=== Assignment ===
Copy every line in the records below that contains the word "moreover".

Exercise material section start

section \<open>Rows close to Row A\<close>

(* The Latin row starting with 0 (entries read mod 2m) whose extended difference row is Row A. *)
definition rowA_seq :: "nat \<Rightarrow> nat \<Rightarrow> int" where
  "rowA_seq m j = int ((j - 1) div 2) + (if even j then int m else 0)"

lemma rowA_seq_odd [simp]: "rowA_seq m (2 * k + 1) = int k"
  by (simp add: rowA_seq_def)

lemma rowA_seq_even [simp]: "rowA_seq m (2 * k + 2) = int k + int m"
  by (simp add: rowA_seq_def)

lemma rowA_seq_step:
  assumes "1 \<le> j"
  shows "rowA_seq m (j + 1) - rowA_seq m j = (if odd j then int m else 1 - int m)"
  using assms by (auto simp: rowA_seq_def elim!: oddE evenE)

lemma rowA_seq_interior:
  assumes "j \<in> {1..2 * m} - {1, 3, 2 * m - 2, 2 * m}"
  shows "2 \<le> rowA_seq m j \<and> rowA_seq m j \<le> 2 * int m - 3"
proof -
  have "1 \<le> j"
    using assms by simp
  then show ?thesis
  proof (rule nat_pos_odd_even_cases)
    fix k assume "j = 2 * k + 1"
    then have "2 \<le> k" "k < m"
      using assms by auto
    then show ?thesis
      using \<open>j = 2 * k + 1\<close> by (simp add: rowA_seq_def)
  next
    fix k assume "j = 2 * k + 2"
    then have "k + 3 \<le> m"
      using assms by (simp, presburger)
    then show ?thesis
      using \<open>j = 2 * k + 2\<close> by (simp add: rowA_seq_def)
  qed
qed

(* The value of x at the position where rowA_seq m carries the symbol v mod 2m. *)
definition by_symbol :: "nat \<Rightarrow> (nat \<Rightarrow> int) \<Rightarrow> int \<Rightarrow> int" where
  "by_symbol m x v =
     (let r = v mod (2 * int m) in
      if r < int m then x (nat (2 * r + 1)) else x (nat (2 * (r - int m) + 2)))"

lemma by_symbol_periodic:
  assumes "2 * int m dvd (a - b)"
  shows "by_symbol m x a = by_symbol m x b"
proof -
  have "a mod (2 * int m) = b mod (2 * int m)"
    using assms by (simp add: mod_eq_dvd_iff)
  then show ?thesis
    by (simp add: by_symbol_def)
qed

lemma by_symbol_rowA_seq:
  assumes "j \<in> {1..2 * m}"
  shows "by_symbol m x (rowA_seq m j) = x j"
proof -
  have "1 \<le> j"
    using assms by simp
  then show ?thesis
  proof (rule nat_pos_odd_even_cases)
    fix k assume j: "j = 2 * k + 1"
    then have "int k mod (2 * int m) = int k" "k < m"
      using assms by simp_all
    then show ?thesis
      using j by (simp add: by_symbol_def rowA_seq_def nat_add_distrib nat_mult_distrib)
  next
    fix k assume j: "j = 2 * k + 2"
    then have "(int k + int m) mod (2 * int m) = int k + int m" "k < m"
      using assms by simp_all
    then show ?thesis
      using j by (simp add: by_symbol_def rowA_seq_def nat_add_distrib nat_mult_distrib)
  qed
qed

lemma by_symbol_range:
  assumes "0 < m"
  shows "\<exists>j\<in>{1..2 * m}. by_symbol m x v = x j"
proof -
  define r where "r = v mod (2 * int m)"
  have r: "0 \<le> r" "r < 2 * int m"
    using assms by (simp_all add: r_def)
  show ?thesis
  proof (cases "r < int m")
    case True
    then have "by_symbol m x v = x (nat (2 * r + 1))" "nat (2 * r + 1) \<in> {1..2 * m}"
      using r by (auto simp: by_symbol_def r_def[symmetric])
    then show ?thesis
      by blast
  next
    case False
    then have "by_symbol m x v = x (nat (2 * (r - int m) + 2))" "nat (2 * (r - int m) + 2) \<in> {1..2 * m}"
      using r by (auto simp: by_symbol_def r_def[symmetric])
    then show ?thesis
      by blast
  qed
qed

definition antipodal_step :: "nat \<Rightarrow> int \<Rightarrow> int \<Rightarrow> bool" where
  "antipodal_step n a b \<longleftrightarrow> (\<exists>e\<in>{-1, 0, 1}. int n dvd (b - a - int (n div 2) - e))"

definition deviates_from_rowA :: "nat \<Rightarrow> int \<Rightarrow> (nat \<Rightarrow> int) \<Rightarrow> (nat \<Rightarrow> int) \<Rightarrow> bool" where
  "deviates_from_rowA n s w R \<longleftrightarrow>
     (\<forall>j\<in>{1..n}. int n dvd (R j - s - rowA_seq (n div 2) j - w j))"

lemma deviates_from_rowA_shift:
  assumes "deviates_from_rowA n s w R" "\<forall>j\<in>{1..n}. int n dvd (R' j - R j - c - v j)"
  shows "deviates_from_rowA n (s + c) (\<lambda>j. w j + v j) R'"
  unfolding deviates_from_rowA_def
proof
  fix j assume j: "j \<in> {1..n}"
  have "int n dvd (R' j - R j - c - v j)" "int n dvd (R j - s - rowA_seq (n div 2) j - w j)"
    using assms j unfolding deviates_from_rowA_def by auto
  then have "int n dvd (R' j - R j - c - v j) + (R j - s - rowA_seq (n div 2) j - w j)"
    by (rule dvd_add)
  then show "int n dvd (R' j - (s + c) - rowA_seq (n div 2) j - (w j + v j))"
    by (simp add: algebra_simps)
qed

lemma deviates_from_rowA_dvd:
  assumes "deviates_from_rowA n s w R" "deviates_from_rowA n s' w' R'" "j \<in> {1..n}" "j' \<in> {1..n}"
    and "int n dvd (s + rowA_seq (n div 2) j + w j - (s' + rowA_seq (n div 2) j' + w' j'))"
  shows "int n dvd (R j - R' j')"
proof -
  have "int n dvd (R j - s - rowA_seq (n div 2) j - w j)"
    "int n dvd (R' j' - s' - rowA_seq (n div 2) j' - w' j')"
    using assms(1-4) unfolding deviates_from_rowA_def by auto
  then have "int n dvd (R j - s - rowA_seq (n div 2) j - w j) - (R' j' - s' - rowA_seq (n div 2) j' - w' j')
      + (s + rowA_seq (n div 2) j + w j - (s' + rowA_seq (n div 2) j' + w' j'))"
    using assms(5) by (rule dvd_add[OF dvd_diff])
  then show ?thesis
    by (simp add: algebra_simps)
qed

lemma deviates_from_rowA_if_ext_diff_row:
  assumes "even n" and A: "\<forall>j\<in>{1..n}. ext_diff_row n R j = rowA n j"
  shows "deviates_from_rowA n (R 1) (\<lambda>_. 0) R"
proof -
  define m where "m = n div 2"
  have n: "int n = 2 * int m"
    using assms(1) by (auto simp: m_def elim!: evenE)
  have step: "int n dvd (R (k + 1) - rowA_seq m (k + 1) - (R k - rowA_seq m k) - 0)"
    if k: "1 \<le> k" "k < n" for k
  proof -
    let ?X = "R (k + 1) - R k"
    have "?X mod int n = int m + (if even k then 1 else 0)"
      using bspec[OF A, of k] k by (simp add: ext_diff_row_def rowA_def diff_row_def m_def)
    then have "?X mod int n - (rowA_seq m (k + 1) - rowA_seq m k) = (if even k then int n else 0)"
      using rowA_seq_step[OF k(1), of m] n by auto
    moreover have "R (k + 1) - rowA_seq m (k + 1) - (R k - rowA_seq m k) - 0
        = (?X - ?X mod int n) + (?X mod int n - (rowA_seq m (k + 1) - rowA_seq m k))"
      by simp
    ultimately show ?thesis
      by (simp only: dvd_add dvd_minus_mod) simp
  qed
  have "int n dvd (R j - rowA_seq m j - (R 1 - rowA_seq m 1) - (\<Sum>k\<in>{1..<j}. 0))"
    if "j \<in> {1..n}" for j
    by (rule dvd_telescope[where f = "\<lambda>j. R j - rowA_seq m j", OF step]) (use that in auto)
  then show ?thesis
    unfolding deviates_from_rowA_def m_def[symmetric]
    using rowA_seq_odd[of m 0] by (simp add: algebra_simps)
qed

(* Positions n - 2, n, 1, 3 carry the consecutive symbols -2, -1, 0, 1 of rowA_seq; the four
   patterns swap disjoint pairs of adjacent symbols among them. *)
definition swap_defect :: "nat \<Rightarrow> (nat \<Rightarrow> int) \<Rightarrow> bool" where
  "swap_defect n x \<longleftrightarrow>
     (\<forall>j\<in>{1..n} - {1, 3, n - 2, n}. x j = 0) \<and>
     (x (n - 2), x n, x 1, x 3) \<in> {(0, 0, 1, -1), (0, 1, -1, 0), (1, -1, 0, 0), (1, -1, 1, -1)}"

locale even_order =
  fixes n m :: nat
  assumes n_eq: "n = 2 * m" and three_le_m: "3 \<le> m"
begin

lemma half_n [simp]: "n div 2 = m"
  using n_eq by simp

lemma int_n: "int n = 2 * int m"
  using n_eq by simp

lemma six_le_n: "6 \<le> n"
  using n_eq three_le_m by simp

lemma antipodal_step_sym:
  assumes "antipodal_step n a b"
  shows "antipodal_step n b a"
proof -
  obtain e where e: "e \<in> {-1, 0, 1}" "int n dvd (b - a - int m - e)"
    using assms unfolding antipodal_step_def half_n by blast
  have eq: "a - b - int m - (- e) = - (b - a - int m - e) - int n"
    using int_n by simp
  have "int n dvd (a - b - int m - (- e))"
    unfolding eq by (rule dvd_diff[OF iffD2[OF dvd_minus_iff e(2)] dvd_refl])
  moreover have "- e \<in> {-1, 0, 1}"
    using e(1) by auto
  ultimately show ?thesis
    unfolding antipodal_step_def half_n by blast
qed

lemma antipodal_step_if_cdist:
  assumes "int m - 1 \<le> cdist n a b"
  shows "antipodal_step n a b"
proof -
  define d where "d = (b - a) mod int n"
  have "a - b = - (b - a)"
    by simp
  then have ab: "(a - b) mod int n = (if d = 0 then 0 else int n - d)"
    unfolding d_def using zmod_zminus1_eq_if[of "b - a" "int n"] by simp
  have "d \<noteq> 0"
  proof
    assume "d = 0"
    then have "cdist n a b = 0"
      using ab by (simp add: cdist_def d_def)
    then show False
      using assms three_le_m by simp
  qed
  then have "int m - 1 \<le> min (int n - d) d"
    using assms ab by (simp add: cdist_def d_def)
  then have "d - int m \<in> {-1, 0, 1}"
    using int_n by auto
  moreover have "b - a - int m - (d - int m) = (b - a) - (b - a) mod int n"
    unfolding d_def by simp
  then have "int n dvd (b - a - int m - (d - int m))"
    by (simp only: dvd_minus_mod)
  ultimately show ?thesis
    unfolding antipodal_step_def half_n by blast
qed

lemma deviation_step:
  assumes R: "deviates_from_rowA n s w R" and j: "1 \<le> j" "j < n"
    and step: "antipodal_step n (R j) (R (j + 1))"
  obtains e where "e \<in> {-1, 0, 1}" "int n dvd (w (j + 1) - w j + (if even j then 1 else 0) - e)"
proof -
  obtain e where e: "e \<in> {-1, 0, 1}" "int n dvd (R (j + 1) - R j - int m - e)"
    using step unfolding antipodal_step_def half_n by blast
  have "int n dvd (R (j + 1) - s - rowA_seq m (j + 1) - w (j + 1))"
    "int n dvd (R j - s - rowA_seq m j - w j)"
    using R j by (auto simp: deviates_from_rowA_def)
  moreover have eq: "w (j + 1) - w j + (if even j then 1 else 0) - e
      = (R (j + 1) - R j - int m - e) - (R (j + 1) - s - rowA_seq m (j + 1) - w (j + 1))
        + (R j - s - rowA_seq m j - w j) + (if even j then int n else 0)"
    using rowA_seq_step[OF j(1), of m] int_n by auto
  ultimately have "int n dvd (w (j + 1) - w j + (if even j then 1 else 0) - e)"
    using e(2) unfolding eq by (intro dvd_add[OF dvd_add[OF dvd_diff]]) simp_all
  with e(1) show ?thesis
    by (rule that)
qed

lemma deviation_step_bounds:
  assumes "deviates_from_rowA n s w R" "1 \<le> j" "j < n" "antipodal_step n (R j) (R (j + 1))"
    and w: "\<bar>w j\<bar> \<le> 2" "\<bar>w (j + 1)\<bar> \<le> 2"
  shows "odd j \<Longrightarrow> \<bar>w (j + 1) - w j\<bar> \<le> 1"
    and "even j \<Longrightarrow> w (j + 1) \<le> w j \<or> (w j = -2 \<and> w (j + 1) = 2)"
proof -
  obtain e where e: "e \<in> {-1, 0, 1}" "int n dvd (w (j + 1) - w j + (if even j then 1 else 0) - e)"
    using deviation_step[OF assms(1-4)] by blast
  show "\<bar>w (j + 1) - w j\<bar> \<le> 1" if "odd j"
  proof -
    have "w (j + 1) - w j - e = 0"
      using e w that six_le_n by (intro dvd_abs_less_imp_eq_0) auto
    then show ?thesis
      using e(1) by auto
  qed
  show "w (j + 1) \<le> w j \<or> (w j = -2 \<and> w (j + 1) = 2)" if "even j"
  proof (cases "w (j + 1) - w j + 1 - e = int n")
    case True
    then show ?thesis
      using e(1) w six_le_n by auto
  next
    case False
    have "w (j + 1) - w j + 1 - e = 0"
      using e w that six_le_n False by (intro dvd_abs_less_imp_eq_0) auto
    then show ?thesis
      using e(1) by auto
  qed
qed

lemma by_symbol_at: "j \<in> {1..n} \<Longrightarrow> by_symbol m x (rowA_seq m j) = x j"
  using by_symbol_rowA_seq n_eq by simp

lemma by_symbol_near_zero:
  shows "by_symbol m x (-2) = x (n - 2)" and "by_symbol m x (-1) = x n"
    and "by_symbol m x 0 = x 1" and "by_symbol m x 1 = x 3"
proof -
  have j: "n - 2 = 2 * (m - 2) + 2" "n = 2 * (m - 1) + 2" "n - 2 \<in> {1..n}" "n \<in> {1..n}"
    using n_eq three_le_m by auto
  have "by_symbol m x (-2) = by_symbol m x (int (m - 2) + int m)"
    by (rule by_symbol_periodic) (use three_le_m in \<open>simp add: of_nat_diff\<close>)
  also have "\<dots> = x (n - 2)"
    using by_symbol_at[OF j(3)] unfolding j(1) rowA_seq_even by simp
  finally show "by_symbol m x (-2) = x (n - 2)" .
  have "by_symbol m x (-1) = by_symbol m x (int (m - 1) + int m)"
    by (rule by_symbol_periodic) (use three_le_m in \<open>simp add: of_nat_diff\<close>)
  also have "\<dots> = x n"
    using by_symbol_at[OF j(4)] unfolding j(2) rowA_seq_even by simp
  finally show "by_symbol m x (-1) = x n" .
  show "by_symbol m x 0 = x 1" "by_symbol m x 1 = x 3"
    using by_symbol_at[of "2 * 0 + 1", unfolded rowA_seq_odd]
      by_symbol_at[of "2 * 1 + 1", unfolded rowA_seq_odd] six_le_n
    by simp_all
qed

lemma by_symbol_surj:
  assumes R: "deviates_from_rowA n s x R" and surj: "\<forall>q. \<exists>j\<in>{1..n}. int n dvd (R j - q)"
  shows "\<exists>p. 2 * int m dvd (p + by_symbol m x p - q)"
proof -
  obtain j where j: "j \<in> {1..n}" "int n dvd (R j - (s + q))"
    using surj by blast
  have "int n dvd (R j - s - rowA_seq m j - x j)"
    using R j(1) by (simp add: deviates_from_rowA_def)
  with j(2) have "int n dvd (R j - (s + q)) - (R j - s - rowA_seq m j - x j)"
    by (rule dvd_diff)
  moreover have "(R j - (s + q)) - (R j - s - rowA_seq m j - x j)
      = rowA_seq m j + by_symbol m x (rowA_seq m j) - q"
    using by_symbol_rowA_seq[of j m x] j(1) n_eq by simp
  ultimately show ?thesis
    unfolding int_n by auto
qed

Exercise material section end
Exercise material section start

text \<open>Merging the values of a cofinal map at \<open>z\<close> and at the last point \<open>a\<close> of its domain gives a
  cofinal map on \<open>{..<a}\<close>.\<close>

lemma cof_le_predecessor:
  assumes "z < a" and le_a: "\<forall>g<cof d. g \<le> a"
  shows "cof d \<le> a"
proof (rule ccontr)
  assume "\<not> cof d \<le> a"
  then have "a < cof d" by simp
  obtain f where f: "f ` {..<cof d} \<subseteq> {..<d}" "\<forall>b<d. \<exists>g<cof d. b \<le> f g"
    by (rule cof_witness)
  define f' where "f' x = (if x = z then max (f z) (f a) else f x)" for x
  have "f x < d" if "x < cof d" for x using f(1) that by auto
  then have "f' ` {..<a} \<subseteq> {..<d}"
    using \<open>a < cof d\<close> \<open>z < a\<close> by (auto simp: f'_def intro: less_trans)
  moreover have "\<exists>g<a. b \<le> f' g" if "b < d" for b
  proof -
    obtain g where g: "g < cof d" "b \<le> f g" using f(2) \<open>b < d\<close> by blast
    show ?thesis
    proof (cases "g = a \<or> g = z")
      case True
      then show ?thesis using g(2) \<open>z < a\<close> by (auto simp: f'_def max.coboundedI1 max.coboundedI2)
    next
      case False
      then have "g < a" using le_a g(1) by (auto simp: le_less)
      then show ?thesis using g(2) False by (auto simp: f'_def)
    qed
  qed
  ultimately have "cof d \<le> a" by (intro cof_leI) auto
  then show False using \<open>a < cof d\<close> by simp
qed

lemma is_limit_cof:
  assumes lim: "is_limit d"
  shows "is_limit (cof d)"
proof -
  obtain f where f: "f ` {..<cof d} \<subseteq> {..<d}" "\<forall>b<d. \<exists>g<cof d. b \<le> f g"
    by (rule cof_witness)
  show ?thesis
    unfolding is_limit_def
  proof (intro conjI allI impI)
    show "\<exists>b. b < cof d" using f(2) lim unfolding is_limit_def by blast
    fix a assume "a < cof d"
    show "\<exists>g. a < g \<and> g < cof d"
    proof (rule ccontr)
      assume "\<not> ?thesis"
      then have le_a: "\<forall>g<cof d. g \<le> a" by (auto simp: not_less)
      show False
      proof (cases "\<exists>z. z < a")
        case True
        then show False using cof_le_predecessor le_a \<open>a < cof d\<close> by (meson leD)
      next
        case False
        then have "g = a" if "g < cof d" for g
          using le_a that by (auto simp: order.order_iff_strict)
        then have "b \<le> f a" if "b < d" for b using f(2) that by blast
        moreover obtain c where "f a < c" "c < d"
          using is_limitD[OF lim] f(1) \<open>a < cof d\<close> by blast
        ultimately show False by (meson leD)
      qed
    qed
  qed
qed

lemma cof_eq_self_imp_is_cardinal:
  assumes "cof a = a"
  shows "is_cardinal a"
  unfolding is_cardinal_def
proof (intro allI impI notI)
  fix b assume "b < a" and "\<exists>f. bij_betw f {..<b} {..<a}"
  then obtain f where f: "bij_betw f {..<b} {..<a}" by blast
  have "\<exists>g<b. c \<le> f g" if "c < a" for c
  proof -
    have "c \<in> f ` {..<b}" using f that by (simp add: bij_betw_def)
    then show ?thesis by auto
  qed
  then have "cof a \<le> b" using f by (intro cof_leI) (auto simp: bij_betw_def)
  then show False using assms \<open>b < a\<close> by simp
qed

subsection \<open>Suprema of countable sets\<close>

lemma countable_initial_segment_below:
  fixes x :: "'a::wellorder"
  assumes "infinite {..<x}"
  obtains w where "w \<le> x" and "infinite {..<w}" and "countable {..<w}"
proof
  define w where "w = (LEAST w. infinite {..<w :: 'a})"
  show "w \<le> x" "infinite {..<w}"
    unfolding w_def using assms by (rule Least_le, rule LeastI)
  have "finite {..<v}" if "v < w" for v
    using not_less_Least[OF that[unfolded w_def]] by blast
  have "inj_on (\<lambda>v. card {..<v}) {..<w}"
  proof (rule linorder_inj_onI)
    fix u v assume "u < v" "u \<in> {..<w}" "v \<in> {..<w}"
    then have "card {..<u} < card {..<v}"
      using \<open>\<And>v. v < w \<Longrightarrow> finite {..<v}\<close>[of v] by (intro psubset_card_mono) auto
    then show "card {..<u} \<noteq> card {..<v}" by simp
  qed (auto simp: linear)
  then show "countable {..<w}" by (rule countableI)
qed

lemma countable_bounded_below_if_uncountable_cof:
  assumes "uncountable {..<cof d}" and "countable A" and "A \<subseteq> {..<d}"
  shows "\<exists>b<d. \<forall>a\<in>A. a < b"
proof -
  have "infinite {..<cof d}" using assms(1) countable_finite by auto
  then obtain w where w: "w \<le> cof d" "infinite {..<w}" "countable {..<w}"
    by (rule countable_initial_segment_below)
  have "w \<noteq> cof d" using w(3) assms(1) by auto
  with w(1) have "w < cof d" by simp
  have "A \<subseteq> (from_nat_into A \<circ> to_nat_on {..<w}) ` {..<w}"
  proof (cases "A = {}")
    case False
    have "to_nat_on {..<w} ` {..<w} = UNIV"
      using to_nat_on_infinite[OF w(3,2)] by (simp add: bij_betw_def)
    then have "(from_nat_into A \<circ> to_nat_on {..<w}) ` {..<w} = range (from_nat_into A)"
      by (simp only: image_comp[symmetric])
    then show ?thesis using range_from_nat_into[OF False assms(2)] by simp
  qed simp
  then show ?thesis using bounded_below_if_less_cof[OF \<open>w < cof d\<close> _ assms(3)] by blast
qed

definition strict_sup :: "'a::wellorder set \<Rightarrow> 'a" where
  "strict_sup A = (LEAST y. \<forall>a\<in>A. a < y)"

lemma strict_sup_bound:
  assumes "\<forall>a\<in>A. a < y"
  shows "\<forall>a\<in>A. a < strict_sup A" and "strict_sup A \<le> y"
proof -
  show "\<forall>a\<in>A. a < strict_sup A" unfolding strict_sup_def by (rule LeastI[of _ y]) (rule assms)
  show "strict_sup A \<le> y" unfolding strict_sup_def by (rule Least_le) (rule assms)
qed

Exercise material section end

=== Answer to the exercise ===
    moreover have "R (k + 1) - rowA_seq m (k + 1) - (R k - rowA_seq m k) - 0
  moreover have "- e \<in> {-1, 0, 1}"
  moreover have "b - a - int m - (d - int m) = (b - a) - (b - a) mod int n"
  moreover have eq: "w (j + 1) - w j + (if even j then 1 else 0) - e
  moreover have "(R j - (s + q)) - (R j - s - rowA_seq m j - x j)
  moreover have "\<exists>g<a. b \<le> f' g" if "b < d" for b
        moreover obtain c where "f a < c" "c < d"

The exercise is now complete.